⟨

(* Let $K=\mathbb{Q}(\sqrt{-D})$ with $D$ a square-free positive integer, let $\mathcal{O}$ be its ring of integers, let $M_1$ be a positive integer, and let $c\in K$. Set $\Delta_c=\{M_1xc^{2^n}: x\in\mathcal{O},\ n\in\mathbb{N}\}$. If $c\notin\mathcal{O}$, then $\Delta_c$ does not have the B-C property.
   Context: A set $A\subset\mathbb{C}$ has the B-C property if there is $K_A$ such that for all $m,n\in\mathbb{Z}$ the square $\{z: m\le\mathrm{Re}\,z\le m+1,\ n\le\mathrm{Im}\,z\le n+1\}$ contains fewer than $K_A$ elements of $A$. *)

theory Defs
  imports "HOL-Analysis.Analysis" "HOL-Computational_Algebra.Computational_Algebra"
begin

definition quad_field :: "nat \<Rightarrow> complex set" where
  "quad_field D = {of_real a + of_real b * \<i> * of_real (sqrt (real D)) | a b. a \<in> \<rat> \<and> b \<in> \<rat>}"

definition ring_of_integers :: "nat \<Rightarrow> complex set" where
  "ring_of_integers D = {z \<in> quad_field D. algebraic_int z}"

definition unit_square :: "int \<Rightarrow> int \<Rightarrow> complex set" where
  "unit_square m n = {z. of_int m \<le> Re z \<and> Re z \<le> of_int m + 1 \<and> of_int n \<le> Im z \<and> Im z \<le> of_int n + 1}"

definition BC_property :: "complex set \<Rightarrow> bool" where
  "BC_property A \<longleftrightarrow> (\<exists>K::nat. \<forall>m n. finite (A \<inter> unit_square m n) \<and> card (A \<inter> unit_square m n) < K)"

definition Delta_c :: "nat \<Rightarrow> nat \<Rightarrow> complex \<Rightarrow> complex set" where
  "Delta_c D M1 c = {of_nat M1 * x * c ^ (2 ^ n) | x n. x \<in> ring_of_integers D}"

end

theory Submission
  imports Defs
begin

(* Let R = Z[sqrt(-D)], a subring of the ring of integers. If h c^(2^m) lay in R for a fixed
   h ~= 0 and all m, then 2 Re c and |c|^2 would be integers, since 2 Re and |.|^2 of c^(2^m)
   evolve by x -> x^2 + (integer), which squares reduced denominators; so c would be an
   algebraic integer. Hence, by pigeonhole modulo s R, for every s > 0 some group
   M1 c^(2^m) Z + s R has nonzero elements of arbitrarily small modulus. This grows finite sets
   S of points of Delta_c in a disc of radius 1/4 with S + s R inside Delta_c: a small
   g = M1 c^(2^m) x + s y has a multiple g r near the centre and outside S; translating
   everything by -s y r turns g r into M1 x r c^(2^m), and replacing s by a suitable multiple
   restores the invariant. A disc of radius 1/4 meets at most four unit squares. *)

definition zsqrt :: "nat \<Rightarrow> complex set" where
  "zsqrt D = {of_int a + of_int b * \<i> * of_real (sqrt (real D)) | a b. True}"

lemma zsqrtI: "of_int a + of_int b * \<i> * of_real (sqrt (real D)) \<in> zsqrt D"
  unfolding zsqrt_def by blast

lemma zsqrtE:
  assumes "x \<in> zsqrt D"
  obtains a b :: int where "x = of_int a + of_int b * \<i> * of_real (sqrt (real D))"
  using assms unfolding zsqrt_def by blast

lemma zsqrt_of_int [simp, intro]: "of_int k \<in> zsqrt D"
  using zsqrtI[of k 0 D] by simp

lemma zsqrt_of_nat [simp, intro]: "of_nat k \<in> zsqrt D"
  using zsqrt_of_int[of "int k" D] by simp

lemma zsqrt_add [intro]:
  assumes "x \<in> zsqrt D" "y \<in> zsqrt D"
  shows "x + y \<in> zsqrt D"
proof -
  obtain a b a' b' where "x = of_int a + of_int b * \<i> * of_real (sqrt (real D))"
    and "y = of_int a' + of_int b' * \<i> * of_real (sqrt (real D))"
    using assms by (meson zsqrtE)
  then have "x + y = of_int (a + a') + of_int (b + b') * \<i> * of_real (sqrt (real D))"
    by (simp add: algebra_simps)
  then show ?thesis by (simp only: zsqrtI)
qed

lemma zsqrt_uminus [intro]:
  assumes "x \<in> zsqrt D"
  shows "- x \<in> zsqrt D"
proof -
  obtain a b where "x = of_int a + of_int b * \<i> * of_real (sqrt (real D))"
    using assms by (rule zsqrtE)
  then have "- x = of_int (- a) + of_int (- b) * \<i> * of_real (sqrt (real D))"
    by simp
  then show ?thesis by (simp only: zsqrtI)
qed

lemma zsqrt_cnj [intro]:
  assumes "x \<in> zsqrt D"
  shows "cnj x \<in> zsqrt D"
proof -
  obtain a b where "x = of_int a + of_int b * \<i> * of_real (sqrt (real D))"
    using assms by (rule zsqrtE)
  then have "cnj x = of_int a + of_int (- b) * \<i> * of_real (sqrt (real D))"
    by simp
  then show ?thesis by (simp only: zsqrtI)
qed

lemma zsqrt_mult [intro]:
  assumes "x \<in> zsqrt D" "y \<in> zsqrt D"
  shows "x * y \<in> zsqrt D"
proof -
  obtain a b a' b' where x: "x = of_int a + of_int b * \<i> * of_real (sqrt (real D))"
    and y: "y = of_int a' + of_int b' * \<i> * of_real (sqrt (real D))"
    using assms by (meson zsqrtE)
  have "(of_real (sqrt (real D)))\<^sup>2 = (of_nat D :: complex)"
    by (metis of_nat_0_le_iff of_real_of_nat_eq of_real_power real_sqrt_pow2)
  then have "x * y = of_int (a * a' - int D * b * b') + of_int (a * b' + a' * b) * \<i> * of_real (sqrt (real D))"
    unfolding x y by (simp add: algebra_simps power2_eq_square)
  then show ?thesis by (simp only: zsqrtI)
qed

lemma zsqrt_power [intro]: "x \<in> zsqrt D \<Longrightarrow> x ^ n \<in> zsqrt D"
  by (induction n) (auto simp: zsqrt_of_int[of 1, simplified])

lemma zsqrt_Re_Ints: "x \<in> zsqrt D \<Longrightarrow> Re x \<in> \<int>"
  by (elim zsqrtE) simp

lemma zsqrt_norm_Ints: "x \<in> zsqrt D \<Longrightarrow> (cmod x)\<^sup>2 \<in> \<int>"
proof (elim zsqrtE)
  fix a b :: int
  assume x: "x = of_int a + of_int b * \<i> * of_real (sqrt (real D))"
  have "(cmod x)\<^sup>2 = of_int (a\<^sup>2 + b\<^sup>2 * int D)"
    unfolding x cmod_power2 by (simp add: power_mult_distrib)
  then show "(cmod x)\<^sup>2 \<in> \<int>" by simp
qed

lemma algebraic_int_if_Re_norm_Ints:
  fixes z :: complex
  assumes "2 * Re z \<in> \<int>" "(cmod z)\<^sup>2 \<in> \<int>"
  shows "algebraic_int z"
proof -
  obtain t n where t: "2 * Re z = of_int t" and n: "(cmod z)\<^sup>2 = of_int n"
    using assms by (auto elim!: Ints_cases)
  have tz: "z + cnj z = of_int t" and nz: "z * cnj z = of_int n"
    using complex_add_cnj[of z] complex_norm_square[of z] by (simp_all add: t n)
  have "poly [:of_int n, - of_int t, 1:] z = z * cnj z - (z + cnj z) * z + z * z"
    by (simp only: tz nz) (simp add: algebra_simps)
  also have "\<dots> = 0"
    by (simp add: algebra_simps)
  finally have "poly [:of_int n, - of_int t, 1:] z = 0" .
  then show ?thesis
    by (intro algebraic_int.intros[of "[:of_int n, - of_int t, 1:]"])
       (auto simp: coeff_pCons split: nat.splits)
qed

lemma zsqrt_subset_ring_of_integers: "zsqrt D \<subseteq> ring_of_integers D"
proof
  fix x assume x: "x \<in> zsqrt D"
  then obtain a b where ab: "x = of_int a + of_int b * \<i> * of_real (sqrt (real D))"
    by (rule zsqrtE)
  have "x \<in> quad_field D"
    unfolding quad_field_def ab by (intro CollectI exI[of _ "of_int a"] exI[of _ "of_int b"]) simp
  moreover have "algebraic_int x"
    using zsqrt_Re_Ints[OF x] zsqrt_norm_Ints[OF x] by (intro algebraic_int_if_Re_norm_Ints) simp_all
  ultimately show "x \<in> ring_of_integers D"
    unfolding ring_of_integers_def by blast
qed

lemma quad_fieldE:
  assumes "c \<in> quad_field D"
  obtains a b :: real where "a \<in> \<rat>" "b \<in> \<rat>"
    "c = of_real a + of_real b * \<i> * of_real (sqrt (real D))"
  using assms unfolding quad_field_def by blast

lemma quad_field_Re_norm_Rats:
  assumes "c \<in> quad_field D"
  shows "Re c \<in> \<rat>" and "(cmod c)\<^sup>2 \<in> \<rat>"
proof -
  obtain a b where ab: "a \<in> \<rat>" "b \<in> \<rat>" and c: "c = of_real a + of_real b * \<i> * of_real (sqrt (real D))"
    using assms by (rule quad_fieldE)
  show "Re c \<in> \<rat>" using ab by (simp add: c)
  have "(cmod c)\<^sup>2 = a\<^sup>2 + b\<^sup>2 * of_nat D"
    unfolding c cmod_power2 by (simp add: power_mult_distrib)
  then show "(cmod c)\<^sup>2 \<in> \<rat>" using ab by simp
qed

lemma quad_field_int_multiple_in_zsqrt:
  assumes "c \<in> quad_field D"
  obtains q :: int where "q > 0" "of_int q * c \<in> zsqrt D"
proof -
  obtain a b where ab: "a \<in> \<rat>" "b \<in> \<rat>" and c: "c = of_real a + of_real b * \<i> * of_real (sqrt (real D))"
    using assms by (rule quad_fieldE)
  obtain A q1 where A: "q1 > 0" "a = of_int A / of_int q1" using ab(1) by (auto elim: Rats_cases')
  obtain B q2 where B: "q2 > 0" "b = of_int B / of_int q2" using ab(2) by (auto elim: Rats_cases')
  have "of_int (q1 * q2) * c = of_int (A * q2) + of_int (B * q1) * \<i> * of_real (sqrt (real D))"
  proof -
    have "complex_of_real a = of_int A / of_int q1" "complex_of_real b = of_int B / of_int q2"
      using A(2) B(2) by simp_all
    with A(1) B(1) show ?thesis
      unfolding c by (simp only:) (simp add: field_simps)
  qed
  then show ?thesis
    using A(1) B(1) by (intro that[of "q1 * q2"]) (simp_all only: zsqrtI mult_pos_pos)
qed

lemma power_two_power_Suc: "(x :: 'a :: monoid_mult) ^ 2 ^ Suc k = (x ^ 2 ^ k)\<^sup>2"
  by (simp only: power_Suc power_mult mult.commute[of 2])
text \<open>When the clearing vector is unique, p(c) is that greatest clearing vector; hence it
  is LP-feasible for c and dominates every LP-feasible payment vector for c.\<close>

lemma clearing_vec_greatest:
  fixes L :: "real^'n::finite^'n"
  assumes "\<forall>i j. 0 \<le> L $ i $ j" and "0 \<le> e" and "0 \<le> c"
    and unique: "\<exists>!p. is_clearing L e c p"
  shows "0 \<le> clearing_vec L e c"
    and "clearing_vec L e c \<le> clearing_map L e c (clearing_vec L e c)"
    and "\<And>p. 0 \<le> p \<Longrightarrow> p \<le> clearing_map L e c p \<Longrightarrow> p \<le> clearing_vec L e c"
proof -
  obtain q where clearing: "is_clearing L e c q" and "0 \<le> q"
    and greatest: "\<And>p. 0 \<le> p \<Longrightarrow> p \<le> clearing_map L e c p \<Longrightarrow> p \<le> q"
    using greatest_clearing_vector[OF assms(1-3)] by blast
  have q_eq: "clearing_vec L e c = q"
    unfolding clearing_vec_def using unique clearing by (rule the1_equality)
  show "0 \<le> clearing_vec L e c" using \<open>0 \<le> q\<close> q_eq by simp
  show "clearing_vec L e c \<le> clearing_map L e c (clearing_vec L e c)"
    using clearing q_eq by (simp add: is_clearing_iff_fixed_point)
  show "p \<le> clearing_vec L e c" if "0 \<le> p" "p \<le> clearing_map L e c p" for p
    using greatest[OF that] q_eq by simp
qed

lemma unpaid_eq: "unpaid L e c = (\<Sum>i\<in>UNIV. pbar L $ i) - (\<Sum>i\<in>UNIV. clearing_vec L e c $ i)"
  unfolding unpaid_def by (simp add: sum_subtractf)

text \<open>The LP has an optimal solution: its feasible set is nonempty (put all cash on one
  node and pay nothing) and compact, and the objective is continuous.\<close>

lemma lp_feasible_set_compact:
  "compact {x :: (real^'n) \<times> (real^'n::finite). lp_feasible L e C (fst x) (snd x)}"
  (is "compact ?S")
proof (rule compact_eq_bounded_closed[THEN iffD2], rule conjI)
  show "bounded ?S"
  proof (rule bounded_subset)
    show "bounded (cbox 0 (\<chi> i. C) \<times> cbox 0 (pbar L))"
      by (intro bounded_Times bounded_cbox)
    show "?S \<subseteq> cbox 0 (\<chi> i. C) \<times> cbox 0 (pbar L)"
    proof
      fix x assume "x \<in> ?S"
      then have feasible: "lp_feasible L e C (fst x) (snd x)" by simp
      have "fst x $ i \<le> (\<Sum>j\<in>UNIV. fst x $ j)" for i
        using feasible unfolding lp_feasible_def admissible_def
        by (intro member_le_sum) auto
      then show "x \<in> cbox 0 (\<chi> i. C) \<times> cbox 0 (pbar L)"
        using feasible unfolding lp_feasible_def admissible_def
        by (cases x) (auto simp: mem_box_cart)
    qed
  qed
  have "?S = {x. (\<Sum>i\<in>UNIV. fst x $ i) = C} \<inter>
     (\<Inter>i. {x. 0 \<le> fst x $ i} \<inter> {x. 0 \<le> snd x $ i} \<inter> {x. snd x $ i \<le> pbar L $ i}
       \<inter> {x. snd x $ i \<le> (\<Sum>j\<in>UNIV. relmat L $ j $ i * snd x $ j) + e $ i + fst x $ i})"
    unfolding lp_feasible_def admissible_def by auto
  also have "closed \<dots>"
    by (intro closed_Int closed_INT closed_Collect_eq closed_Collect_le continuous_intros ballI)
  finally show "closed ?S" .
qed

lemma lp_optimal_exists:
  fixes L :: "real^'n::finite^'n"
  assumes "\<forall>i j. 0 \<le> L $ i $ j" and "0 \<le> e" and "0 \<le> C"
  shows "\<exists>c p. lp_optimal L e C c p"
proof -
  let ?S = "{x :: (real^'n) \<times> (real^'n). lp_feasible L e C (fst x) (snd x)}"
  obtain i0 :: 'n where True by blast
  define c0 :: "real^'n" where "c0 = (\<chi> i. if i = i0 then C else 0)"
  have "admissible C c0"
    unfolding admissible_def c0_def using assms(3) by (simp add: if_distrib cong: if_cong)
  then have "(c0, 0) \<in> ?S"
    using pbar_nonneg[OF assms(1)] assms(2) unfolding lp_feasible_def admissible_def less_eq_vec_def
    by auto
  then have "?S \<noteq> {}" by blast
  moreover have "continuous_on ?S (\<lambda>x. \<Sum>i\<in>UNIV. snd x $ i)"
    by (intro continuous_intros)
  ultimately obtain x where "x \<in> ?S"
    and "\<forall>y\<in>?S. (\<Sum>i\<in>UNIV. snd y $ i) \<le> (\<Sum>i\<in>UNIV. snd x $ i)"
    using continuous_attains_sup[OF lp_feasible_set_compact] by blast
  then have "lp_optimal L e C (fst x) (snd x)"
    unfolding lp_optimal_def by auto
  then show ?thesis by blast
qed
section \<open>Connected matroid rank functions are extremal\<close>

definition rank_preserving_pairs :: "'e set \<Rightarrow> ('e set \<Rightarrow> real) \<Rightarrow> ('e set \<times> 'e set) set" where
  "rank_preserving_pairs X r = {(A, B). A \<subseteq> X \<and> B \<subseteq> A \<and> r B = r A}"

text \<open>The linear functional behind the extremality of r: it vanishes at r and is nonnegative on
  polymatroids.\<close>
definition matroid_defect :: "'e set \<Rightarrow> ('e set \<Rightarrow> real) \<Rightarrow> ('e set \<Rightarrow> real) \<Rightarrow> real" where
  "matroid_defect X r h =
     (\<Sum>(A, B)\<in>rank_preserving_pairs X r. h A - h B) +
     (\<Sum>I\<in>independent_sets X r. (\<Sum>e\<in>I. h {e}) - h I)"

lemma finite_rank_preserving_pairs: "finite X \<Longrightarrow> finite (rank_preserving_pairs X r)"
  by (rule finite_subset[of _ "Pow X \<times> Pow X"]) (auto simp: rank_preserving_pairs_def)

lemma finite_independent_sets: "finite X \<Longrightarrow> finite (independent_sets X r)"
  by (rule finite_subset[of _ "Pow X"]) (auto simp: independent_sets_def)

lemma
  assumes "polymatroid X h"
  shows rank_preserving_pair_defect_nonneg: "(A, B) \<in> rank_preserving_pairs X r \<Longrightarrow> 0 \<le> h A - h B"
    and independent_set_defect_nonneg: "I \<in> independent_sets X r \<Longrightarrow> 0 \<le> (\<Sum>e\<in>I. h {e}) - h I"
  using assms polymatroidD(4) polymatroid_subadditive
  by (auto simp: rank_preserving_pairs_def independent_sets_def)
lemma expectation_sum_sq_sorted_entry_diff_le:
  fixes R h :: real and J n :: nat and C :: "nat \<Rightarrow> nat" and c :: "nat \<Rightarrow> real"
  assumes m4: "integrable M (\<lambda>y. y ^ 4)"
    and h: "h > 0" and R: "R > 0" and Jh: "real J * h = 2 * R"
    and c_bounds: "\<And>k. - R \<le> c k \<and> c k \<le> R"
    and c_thresholds: "\<And>j k. j < J \<Longrightarrow> c k \<le> - R + real j * h \<longleftrightarrow> k < C j"
    and C_le: "\<And>j. j < J \<Longrightarrow> C j \<le> n"
    and C_approx: "\<And>j. j < J \<Longrightarrow> \<bar>real (C j) - real n * cdf M (- R + real j * h)\<bar> \<le> 1"
  shows "(\<integral>x. (\<Sum>k<n. (sorted_entry n x k - c k)\<^sup>2) \<partial>sample n)
    \<le> 4 * R * h * (real n + real J * (sqrt (real n) + 1)) + 2 * real n * expectation (\<lambda>y. y ^ 4) / R\<^sup>2"
proof -
  interpret S: prob_space "sample n" by (rule prob_space_sample)
  let ?t = "\<lambda>j. - R + real j * h"
  let ?dev = "\<lambda>j x. \<bar>real (count_le n (?t j) x) - real n * cdf M (?t j)\<bar>"
  define B where "B x = 4 * R * h * (real n + real J) + 4 * R * h * (\<Sum>j<J. ?dev j x)
    + 2 * (\<Sum>i<n. (x i) ^ 4) / R\<^sup>2" for x
  have pointwise: "(\<Sum>k<n. (sorted_entry n x k - c k)\<^sup>2) \<le> B x" for x
  proof -
    have "(\<Sum>j<J. \<bar>real (count_le n (?t j) x) - real (C j)\<bar>) \<le> (\<Sum>j<J. ?dev j x + 1)"
    proof (intro sum_mono)
      fix j assume "j \<in> {..<J}"
      then have "\<bar>real (C j) - real n * cdf M (?t j)\<bar> \<le> 1" using C_approx by simp
      then show "\<bar>real (count_le n (?t j) x) - real (C j)\<bar> \<le> ?dev j x + 1" by linarith
    qed
    then have "4 * R * h * (\<Sum>j<J. \<bar>real (count_le n (?t j) x) - real (C j)\<bar>)
        \<le> 4 * R * h * (real J + (\<Sum>j<J. ?dev j x))"
      using R h by (intro mult_left_mono) (simp_all add: sum.distrib)
    then have "4 * R * h * (real n + (\<Sum>j<J. \<bar>real (count_le n (?t j) x) - real (C j)\<bar>))
        \<le> 4 * R * h * (real n + real J) + 4 * R * h * (\<Sum>j<J. ?dev j x)"
      by (simp add: distrib_left)
    then show ?thesis
      using sum_sq_sorted_entry_diff_le[OF h R Jh c_bounds c_thresholds C_le, of x]
      unfolding B_def by linarith
  qed
  have B_nonneg: "0 \<le> B x" for x
    unfolding B_def using R h
    by (intro add_nonneg_nonneg mult_nonneg_nonneg divide_nonneg_nonneg sum_nonneg) auto
  have int_dev: "integrable (sample n) (\<lambda>x. \<Sum>j<J. ?dev j x)"
    by (intro Bochner_Integration.integrable_sum integrable_abs_count_le_dev)
  have int_fourth: "integrable (sample n) (\<lambda>x. \<Sum>i<n. (x i) ^ 4)"
    using m4 by (rule integrable_sum_sample_coord)
  have "S.expectation B = 4 * R * h * (real n + real J) + 4 * R * h * S.expectation (\<lambda>x. \<Sum>j<J. ?dev j x)
      + 2 * S.expectation (\<lambda>x. \<Sum>i<n. (x i) ^ 4) / R\<^sup>2"
    unfolding B_def using int_dev int_fourth S.prob_space by simp
  also have "\<dots> \<le> 4 * R * h * (real n + real J) + 4 * R * h * (real J * sqrt (real n))
        + 2 * (real n * expectation (\<lambda>y. y ^ 4)) / R\<^sup>2"
    using expectation_sum_abs_count_le_dev[where J = J and t = ?t and n = n] integral_sum_sample_coord[OF m4, of n] R h
    by (simp add: mult_left_mono)
  finally have expectation_B: "S.expectation B \<le> \<dots>" .
  have "(\<integral>x. (\<Sum>k<n. (sorted_entry n x k - c k)\<^sup>2) \<partial>sample n) \<le> S.expectation B"
    using pointwise B_nonneg int_dev int_fourth unfolding B_def by (intro integral_mono') auto
  then show ?thesis using expectation_B by (simp add: algebra_simps)
qed

lemma sorted_sample_variance_le_bound:
  fixes R :: real and J :: nat
  assumes m4: "integrable M (\<lambda>y. y ^ 4)" and R: "R > 0" and J: "J > 0"
  shows "sorted_sample_variance M n
    \<le> 8 * R\<^sup>2 * real n / real J + 8 * R\<^sup>2 * (sqrt (real n) + 1) + 2 * real n * expectation (\<lambda>y. y ^ 4) / R\<^sup>2"
proof -
  define h where "h = 2 * R / real J"
  have h: "h > 0" and Jh: "real J * h = 2 * R" using R J unfolding h_def by simp_all
  let ?t = "\<lambda>j. - R + real j * h"
  \<comment> \<open>The comparison vector c will have exactly C j entries below the grid point t j,
    the expected number rounded down.\<close>
  define C where "C j = nat \<lfloor>real n * cdf M (?t j)\<rfloor>" for j
  have C_mono: "C j \<le> C j'" if "j \<le> j'" for j j'
    using that h unfolding C_def
    by (intro nat_mono floor_mono mult_left_mono cdf_nondecreasing) (simp_all add: mult_right_mono)
  have C_le: "C j \<le> n" for j
    using scaled_cdf_bounds[of n "?t j"] unfolding C_def by (simp add: nat_le_iff floor_le_iff)
  have C_approx: "\<bar>real (C j) - real n * cdf M (?t j)\<bar> \<le> 1" for j
  proof -
    have "real (C j) = of_int \<lfloor>real n * cdf M (?t j)\<rfloor>" using scaled_cdf_bounds[of n "?t j"] unfolding C_def by simp
    then show ?thesis
      using of_int_floor_le[of "real n * cdf M (?t j)"] real_of_int_floor_gt_diff_one[of "real n * cdf M (?t j)"]
      by linarith
  qed
  obtain c where c_bounds: "\<And>k. - R \<le> c k \<and> c k \<le> R"
    and c_thresholds: "\<And>j k. j < J \<Longrightarrow> c k \<le> ?t j \<longleftrightarrow> k < C j"
    using obtain_threshold_sequence[OF h, of J C "- R"] C_mono Jh by auto
  have sq: "integrable M (\<lambda>y. y\<^sup>2)"
    by (rule square_integrable_imp_integrable) (use m4 in \<open>simp_all flip: power_mult\<close>)
  have "sorted_sample_variance M n \<le> (\<integral>x. (\<Sum>k<n. (sorted_entry n x k - c k)\<^sup>2) \<partial>sample n)"
    by (rule sorted_sample_variance_le[OF sq])
  also have "\<dots> \<le> 4 * R * h * (real n + real J * (sqrt (real n) + 1)) + 2 * real n * expectation (\<lambda>y. y ^ 4) / R\<^sup>2"
    by (rule expectation_sum_sq_sorted_entry_diff_le[OF m4 h R Jh c_bounds c_thresholds C_le C_approx])
  also have "4 * R * h * (real n + real J * (sqrt (real n) + 1))
      = 8 * R\<^sup>2 * real n / real J + 8 * R\<^sup>2 * (sqrt (real n) + 1)"
    using J unfolding h_def by (simp add: field_simps power2_eq_square)
  finally show ?thesis .
qed

lemma sorted_sample_variance_nonneg: "0 \<le> sorted_sample_variance M n"
  unfolding sorted_sample_variance_def by (intro integral_nonneg_AE AE_I2 sum_nonneg) auto

lemma sorted_sample_variance_over_n_tendsto_0:
  assumes m4: "integrable M (\<lambda>y. y ^ 4)"
  shows "(\<lambda>n. sorted_sample_variance M n / real n) \<longlonglongrightarrow> 0"
proof (rule tendstoI)
  fix e :: real assume e: "e > 0"
  define m where "m = expectation (\<lambda>y. y ^ 4)"
  have "m \<ge> 0" unfolding m_def by (intro integral_nonneg_AE) auto
  define R where "R = sqrt (8 * (m + 1) / e)"
  have R: "R > 0" and R2: "R\<^sup>2 = 8 * (m + 1) / e"
    unfolding R_def using e \<open>m \<ge> 0\<close> by simp_all
  define J where "J = nat \<lceil>32 * R\<^sup>2 / e\<rceil> + 1"
  have J: "J > 0" unfolding J_def by simp
  have "32 * R\<^sup>2 / e < real J" unfolding J_def by linarith
  then have grid_term: "8 * R\<^sup>2 / real J < e / 4" using e J by (simp add: field_simps)
  have tail_term: "2 * m / R\<^sup>2 < e / 4"
    unfolding R2 using e \<open>m \<ge> 0\<close> by (simp add: field_simps)
  have "(\<lambda>n. 8 * R\<^sup>2 * (sqrt (real n) + 1) / real n) \<longlonglongrightarrow> 0" by real_asymp
  then have "eventually (\<lambda>n. 8 * R\<^sup>2 * (sqrt (real n) + 1) / real n < e / 4) sequentially"
    using e by (intro order_tendstoD(2)) auto
  then show "eventually (\<lambda>n. dist (sorted_sample_variance M n / real n) 0 < e) sequentially"
    using eventually_gt_at_top[of 0]
  proof eventually_elim
    case (elim n)
    then have n: "real n > 0" by simp
    have "sorted_sample_variance M n / real n
        \<le> (8 * R\<^sup>2 * real n / real J + 8 * R\<^sup>2 * (sqrt (real n) + 1) + 2 * real n * m / R\<^sup>2) / real n"
      using sorted_sample_variance_le_bound[OF m4 R J, of n] n unfolding m_def
      by (simp add: divide_right_mono)
    also have "\<dots> = 8 * R\<^sup>2 / real J + 8 * R\<^sup>2 * (sqrt (real n) + 1) / real n + 2 * m / R\<^sup>2"
      using n by (simp add: field_simps)
    finally have "sorted_sample_variance M n / real n < e"
      using grid_term tail_term elim(1) e by linarith
    then show ?case using sorted_sample_variance_nonneg[of n] n by simp
  qed
qed

end

theorem theorem6:
  shows "(\<lambda>n. var_sorted n / real n) \<longlonglongrightarrow> 0"
proof -
  have "var_sorted n = sorted_sample_variance std_normal_distribution n" for n
    unfolding var_sorted_def sorted_sample_variance_def gauss_vec_def ..
  then show ?thesis
    using real_distribution.sorted_sample_variance_over_n_tendsto_0[OF real_dist_normal_dist
        integrable_std_normal_distribution_moment]
    by simp
qed

end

⟩

» TASK DETAILS:
Give the count of lines in the listing where the word "fixes" occurs, with no further words.

» ANSWER BOX:
5